Los espacios no son lo mío, mi cerebro puede presentarme una fácil distancia de
tres metros, pero lo que en realidad tenemos, son escasos 50 centímetros,
siempre he relacionado esta dificultad con mi imposibilidad de ver la realidad,
de entenderla adecuadamente, como el resto (o al menos la mayoría) de la
humanidad. No sabría decirles cuántas veces ya me he tropezado con una puerta
cerrada, a veces con la misma puerta cerrada, no la veo o como algunos bien me
dicen, no la quiero ver.
Anoche al caer, una de las personas que me ayudo a
levantarme me pregunto: -Estás enferma?- No.- Le respondí. –Soy torpe, no es
más.-
Terriblemente torpe. Una torpeza que se extiende a
varias instancias de mi vida, como por ejemplo mis ataques de verborrea que me
hacen en ocasiones olvidar la prudencia y encanto de las señoritas pausadas y
recatadas. O por ejemplo, esa que me hace definir las prioridades en mi vida y
poner por encima de todo la creación de la ficción. Pero sin duda el campo
donde prevalece mi torpeza de forma estelar, es cómo ya se imaginarán ustedes,
en el amor. Nunca he tenido un poco de atino ni en la elección ni en las
situaciones, siempre voy hacía aquel chico que considero (en mi torpeza)
adecuado y siempre digo las cosas más absurdas que se le puedan ocurrir a
alguien para una primera conversación. Y bueno, la otra instancia estelar
digamos es el manejo de mi cuerpo y mi constante acto de caer.
La primera de
las caídas memorables, fue en Marsella hace unos cuatro años, a finales de
julio, en un verano encantador lleno de brisa y gaviotas.

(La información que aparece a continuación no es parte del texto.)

(* Let $X$ be a real Hilbert space, let $A\colon X\rightrightarrows X$ with $\operatorname{dom}A\ne\varnothing$, let $\rho\in\,]-1,+\infty[$, set $D=\operatorname{ran}(\mathrm{Id}+A)$, $T=J_A$ (i.e., $A=T^{-1}-\mathrm{Id}$), and $\alpha=\tfrac{1}{2(\rho+1)}$. Then: (i) $A$ is $\rho$-comonotone $\iff$ $T$ is $\tfrac{1}{2(\rho+1)}$-conically nonexpansive. (ii) $A$ is maximally $\rho$-comonotone $\iff$ [$T$ is $\alpha$-conically nonexpansive and $D=X$]. (iii) $A$ is $(-\tfrac12)$-comonotone $\iff$ $T$ is nonexpansive. (iv) $A$ is maximally $(-\tfrac12)$-comonotone $\iff$ [$T$ is nonexpansive and $D=X$]. (v) [$A$ is $\rho$-comonotone and $\rho>-\tfrac12$] $\iff$ $T$ is $\alpha$-averaged. (vi) [$A$ is maximally $\rho$-comonotone and $\rho>-\tfrac12$] $\iff$ [$T$ is $\alpha$-averaged and $D=X$].
   Context: $J_A=(\mathrm{Id}+A)^{-1}$ with domain $D$. An operator $N$ with domain $D$ is nonexpansive if it is single-valued and $\|Nx-Ny\|\le\|x-y\|$ for all $x,y\in D$. For $\alpha>0$, $T$ is $\alpha$-conically nonexpansive if $T=(1-\alpha)\mathrm{Id}+\alpha N$ for some nonexpansive $N\colon D\to X$; $T$ is $\alpha$-averaged if this holds with $\alpha\in]0,1[$. For $\rho\in\mathbb R$, $A$ is $\rho$-comonotone if $\langle x-y,u-v\rangle\ge\rho\|u-v\|^2$ for all $(x,u),(y,v)\in\operatorname{gra}A$; maximally $\rho$-comonotone if moreover no $\rho$-comonotone operator has a graph properly containing $\operatorname{gra}A$. *)

theory Defs
  imports "HOL-Analysis.Analysis"
begin

text \<open>Set-valued operators A : X \<rightrightarrows> X are represented by their graphs ('a \<times> 'a) set.\<close>

definition comonotone :: "real \<Rightarrow> ('a::real_inner \<times> 'a) set \<Rightarrow> bool" where
  "comonotone \<rho> A \<longleftrightarrow>
     (\<forall>x u y v. (x, u) \<in> A \<longrightarrow> (y, v) \<in> A \<longrightarrow> inner (x - y) (u - v) \<ge> \<rho> * (norm (u - v))\<^sup>2)"

definition max_comonotone :: "real \<Rightarrow> ('a::real_inner \<times> 'a) set \<Rightarrow> bool" where
  "max_comonotone \<rho> A \<longleftrightarrow> comonotone \<rho> A \<and> (\<forall>B. comonotone \<rho> B \<and> A \<subseteq> B \<longrightarrow> B = A)"

definition resolvent :: "('a::real_vector \<times> 'a) set \<Rightarrow> ('a \<times> 'a) set" where
  "resolvent A = {(x + u, x) | x u. (x, u) \<in> A}"

definition ran_id_plus :: "('a::real_vector \<times> 'a) set \<Rightarrow> 'a set" where
  "ran_id_plus A = {x + u | x u. (x, u) \<in> A}"

definition nonexpansive_on :: "'a set \<Rightarrow> ('a::real_normed_vector \<Rightarrow> 'a) \<Rightarrow> bool" where
  "nonexpansive_on D N \<longleftrightarrow> (\<forall>x\<in>D. \<forall>y\<in>D. norm (N x - N y) \<le> norm (x - y))"

definition nonexpansive_op :: "'a set \<Rightarrow> ('a::real_normed_vector \<times> 'a) set \<Rightarrow> bool" where
  "nonexpansive_op D T \<longleftrightarrow> (\<exists>N. nonexpansive_on D N \<and> T = {(x, N x) | x. x \<in> D})"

Había salido de
comprarme un libro en Maupetit, una librería de la Canebiere, tomé un velolib
(las ciclas de transporte público que te alquilan por una muy módica suma para moverte
por la ciudad) y empecé a pedalear por la Rue de Rome, de pronto el semáforo
cambió frene y trate de poner el pie en el andén (soy de muy baja estatura y no
alcanzaba a poner los pies sobre el suelo) solo que no había anden y perdí el
equilibrio sobre la bicicleta. Caí de lado y me raspé la rodilla derecha, mi principió
fue levantarme airosa y seguir la marcha (ya no sobre la cicla), pude hacerlo
hasta que una mujer en la calle me detuvo para advertirme que estaba sangrando.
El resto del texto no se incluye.